What needs to be done -> When you find the word "bool" in a line of the entries, please copy the whole line.

Records to process section start

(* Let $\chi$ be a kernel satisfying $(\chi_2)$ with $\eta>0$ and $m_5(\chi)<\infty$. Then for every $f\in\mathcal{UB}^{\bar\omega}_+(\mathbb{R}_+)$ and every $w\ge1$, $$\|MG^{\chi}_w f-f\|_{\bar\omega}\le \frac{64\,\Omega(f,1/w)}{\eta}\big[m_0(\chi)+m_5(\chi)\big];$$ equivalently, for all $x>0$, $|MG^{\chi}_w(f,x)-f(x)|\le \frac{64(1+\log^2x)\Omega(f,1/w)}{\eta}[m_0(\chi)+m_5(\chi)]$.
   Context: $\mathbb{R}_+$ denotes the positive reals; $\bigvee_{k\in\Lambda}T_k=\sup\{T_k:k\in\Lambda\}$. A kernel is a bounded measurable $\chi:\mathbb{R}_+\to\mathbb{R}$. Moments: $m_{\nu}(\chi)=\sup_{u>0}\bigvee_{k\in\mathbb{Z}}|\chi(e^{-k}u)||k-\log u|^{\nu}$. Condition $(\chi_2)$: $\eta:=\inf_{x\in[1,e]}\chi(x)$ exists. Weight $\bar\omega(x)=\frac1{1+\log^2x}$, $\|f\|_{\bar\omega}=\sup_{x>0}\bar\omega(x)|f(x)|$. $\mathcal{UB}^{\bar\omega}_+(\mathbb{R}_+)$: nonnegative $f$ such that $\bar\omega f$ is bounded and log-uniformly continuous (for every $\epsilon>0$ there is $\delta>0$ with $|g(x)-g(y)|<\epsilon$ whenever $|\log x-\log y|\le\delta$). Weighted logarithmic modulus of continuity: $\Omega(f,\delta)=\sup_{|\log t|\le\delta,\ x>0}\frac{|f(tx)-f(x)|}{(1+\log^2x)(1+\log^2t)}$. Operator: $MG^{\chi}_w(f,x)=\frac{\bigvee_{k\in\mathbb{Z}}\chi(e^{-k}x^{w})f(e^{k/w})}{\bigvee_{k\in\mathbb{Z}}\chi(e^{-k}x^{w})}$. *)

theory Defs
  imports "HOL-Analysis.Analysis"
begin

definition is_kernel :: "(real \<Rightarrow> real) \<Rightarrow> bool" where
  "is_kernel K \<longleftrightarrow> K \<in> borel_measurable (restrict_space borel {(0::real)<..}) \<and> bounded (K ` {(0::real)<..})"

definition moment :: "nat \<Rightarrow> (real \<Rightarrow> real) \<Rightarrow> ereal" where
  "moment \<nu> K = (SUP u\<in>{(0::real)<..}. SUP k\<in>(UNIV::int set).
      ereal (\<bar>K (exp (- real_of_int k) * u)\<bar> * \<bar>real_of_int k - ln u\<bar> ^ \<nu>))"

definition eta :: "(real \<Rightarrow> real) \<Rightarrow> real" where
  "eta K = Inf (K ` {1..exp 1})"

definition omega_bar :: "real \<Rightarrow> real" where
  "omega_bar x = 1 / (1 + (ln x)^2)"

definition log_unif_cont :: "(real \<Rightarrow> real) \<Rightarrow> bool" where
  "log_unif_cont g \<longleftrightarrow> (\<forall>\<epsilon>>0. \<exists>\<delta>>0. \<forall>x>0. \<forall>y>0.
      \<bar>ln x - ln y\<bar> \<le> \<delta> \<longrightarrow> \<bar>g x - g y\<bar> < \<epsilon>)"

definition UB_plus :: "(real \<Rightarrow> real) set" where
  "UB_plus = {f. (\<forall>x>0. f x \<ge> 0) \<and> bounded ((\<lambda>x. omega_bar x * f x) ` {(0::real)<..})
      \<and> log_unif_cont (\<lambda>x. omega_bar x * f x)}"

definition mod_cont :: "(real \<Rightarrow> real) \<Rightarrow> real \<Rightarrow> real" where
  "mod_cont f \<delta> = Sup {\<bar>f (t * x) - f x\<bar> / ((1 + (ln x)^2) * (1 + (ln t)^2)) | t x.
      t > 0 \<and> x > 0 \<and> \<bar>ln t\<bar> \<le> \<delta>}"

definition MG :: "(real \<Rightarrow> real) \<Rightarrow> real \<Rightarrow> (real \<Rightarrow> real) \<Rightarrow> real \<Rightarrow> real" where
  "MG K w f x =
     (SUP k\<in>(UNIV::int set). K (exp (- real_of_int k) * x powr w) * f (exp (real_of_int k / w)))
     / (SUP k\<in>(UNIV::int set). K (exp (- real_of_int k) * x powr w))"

Records to process section end
Records to process section start

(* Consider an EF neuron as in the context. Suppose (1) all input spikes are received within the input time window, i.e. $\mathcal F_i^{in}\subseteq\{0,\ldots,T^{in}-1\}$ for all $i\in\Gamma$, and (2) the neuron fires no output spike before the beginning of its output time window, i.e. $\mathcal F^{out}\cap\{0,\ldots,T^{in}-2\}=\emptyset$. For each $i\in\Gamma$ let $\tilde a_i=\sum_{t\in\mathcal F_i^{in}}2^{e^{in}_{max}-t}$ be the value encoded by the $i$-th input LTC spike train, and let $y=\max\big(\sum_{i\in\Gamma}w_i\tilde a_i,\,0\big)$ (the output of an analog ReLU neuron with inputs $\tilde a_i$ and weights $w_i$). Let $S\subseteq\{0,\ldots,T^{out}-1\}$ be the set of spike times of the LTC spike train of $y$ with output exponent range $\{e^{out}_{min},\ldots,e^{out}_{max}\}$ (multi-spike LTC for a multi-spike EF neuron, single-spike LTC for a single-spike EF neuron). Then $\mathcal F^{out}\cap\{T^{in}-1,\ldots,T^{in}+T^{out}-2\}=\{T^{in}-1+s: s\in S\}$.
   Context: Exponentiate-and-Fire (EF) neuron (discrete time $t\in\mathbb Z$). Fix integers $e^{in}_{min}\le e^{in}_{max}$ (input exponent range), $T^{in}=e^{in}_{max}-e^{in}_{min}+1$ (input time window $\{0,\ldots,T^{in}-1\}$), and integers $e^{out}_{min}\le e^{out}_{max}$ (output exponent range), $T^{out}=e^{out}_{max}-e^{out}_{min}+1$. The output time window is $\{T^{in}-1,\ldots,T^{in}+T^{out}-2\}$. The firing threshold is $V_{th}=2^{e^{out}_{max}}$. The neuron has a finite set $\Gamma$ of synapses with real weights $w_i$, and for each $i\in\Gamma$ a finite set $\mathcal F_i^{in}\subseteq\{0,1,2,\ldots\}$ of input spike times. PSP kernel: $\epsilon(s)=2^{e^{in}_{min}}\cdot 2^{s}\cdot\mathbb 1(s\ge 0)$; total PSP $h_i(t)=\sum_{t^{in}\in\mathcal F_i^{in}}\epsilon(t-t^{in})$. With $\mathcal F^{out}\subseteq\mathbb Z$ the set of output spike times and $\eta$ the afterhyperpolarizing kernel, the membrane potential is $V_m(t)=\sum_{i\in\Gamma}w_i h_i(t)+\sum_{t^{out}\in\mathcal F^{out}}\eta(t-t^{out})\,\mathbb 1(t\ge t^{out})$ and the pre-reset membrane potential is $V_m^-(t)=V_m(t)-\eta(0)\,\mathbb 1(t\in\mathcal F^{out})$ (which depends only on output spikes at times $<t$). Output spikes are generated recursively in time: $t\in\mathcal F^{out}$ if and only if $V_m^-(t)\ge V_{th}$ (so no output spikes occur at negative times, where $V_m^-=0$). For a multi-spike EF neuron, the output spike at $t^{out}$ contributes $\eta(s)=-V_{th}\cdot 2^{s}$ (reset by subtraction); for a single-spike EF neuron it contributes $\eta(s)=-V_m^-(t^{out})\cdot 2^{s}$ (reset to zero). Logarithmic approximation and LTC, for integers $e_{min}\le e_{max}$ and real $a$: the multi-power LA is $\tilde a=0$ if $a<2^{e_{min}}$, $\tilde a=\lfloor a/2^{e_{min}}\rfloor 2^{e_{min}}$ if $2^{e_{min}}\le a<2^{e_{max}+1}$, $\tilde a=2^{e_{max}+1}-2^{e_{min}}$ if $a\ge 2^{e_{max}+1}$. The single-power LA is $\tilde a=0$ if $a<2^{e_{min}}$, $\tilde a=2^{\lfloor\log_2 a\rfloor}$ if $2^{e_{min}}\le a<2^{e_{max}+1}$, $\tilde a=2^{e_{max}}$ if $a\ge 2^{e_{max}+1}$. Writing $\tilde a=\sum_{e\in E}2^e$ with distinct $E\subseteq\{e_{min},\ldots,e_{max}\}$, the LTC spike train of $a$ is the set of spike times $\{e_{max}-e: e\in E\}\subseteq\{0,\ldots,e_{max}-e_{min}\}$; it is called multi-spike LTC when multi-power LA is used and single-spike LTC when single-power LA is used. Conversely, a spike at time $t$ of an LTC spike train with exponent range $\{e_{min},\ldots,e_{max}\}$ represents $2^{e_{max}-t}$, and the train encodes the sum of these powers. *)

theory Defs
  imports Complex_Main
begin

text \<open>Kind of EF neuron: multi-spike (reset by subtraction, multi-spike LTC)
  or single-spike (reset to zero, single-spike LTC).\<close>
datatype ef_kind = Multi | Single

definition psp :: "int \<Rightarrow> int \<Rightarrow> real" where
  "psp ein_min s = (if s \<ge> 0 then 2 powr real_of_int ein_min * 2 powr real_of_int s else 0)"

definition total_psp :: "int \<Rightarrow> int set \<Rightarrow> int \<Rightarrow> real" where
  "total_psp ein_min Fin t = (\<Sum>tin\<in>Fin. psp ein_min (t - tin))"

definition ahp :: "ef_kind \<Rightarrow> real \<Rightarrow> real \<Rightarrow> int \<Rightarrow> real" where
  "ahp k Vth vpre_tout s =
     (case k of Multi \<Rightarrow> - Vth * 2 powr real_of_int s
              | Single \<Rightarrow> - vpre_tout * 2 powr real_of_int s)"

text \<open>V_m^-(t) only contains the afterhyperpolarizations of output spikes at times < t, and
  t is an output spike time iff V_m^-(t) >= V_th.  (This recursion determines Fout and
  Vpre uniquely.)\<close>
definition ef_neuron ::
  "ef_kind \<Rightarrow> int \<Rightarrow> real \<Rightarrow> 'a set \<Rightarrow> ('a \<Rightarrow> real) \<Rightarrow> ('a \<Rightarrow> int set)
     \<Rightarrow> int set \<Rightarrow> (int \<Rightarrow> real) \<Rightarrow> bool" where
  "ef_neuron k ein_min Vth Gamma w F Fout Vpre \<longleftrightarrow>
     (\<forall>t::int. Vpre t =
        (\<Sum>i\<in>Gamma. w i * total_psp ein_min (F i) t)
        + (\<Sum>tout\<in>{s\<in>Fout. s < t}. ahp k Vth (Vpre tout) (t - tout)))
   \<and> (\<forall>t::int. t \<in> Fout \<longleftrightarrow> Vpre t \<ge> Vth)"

Records to process section end

Written answer ->
definition is_kernel :: "(real \<Rightarrow> real) \<Rightarrow> bool" where
definition log_unif_cont :: "(real \<Rightarrow> real) \<Rightarrow> bool" where
     \<Rightarrow> int set \<Rightarrow> (int \<Rightarrow> real) \<Rightarrow> bool" where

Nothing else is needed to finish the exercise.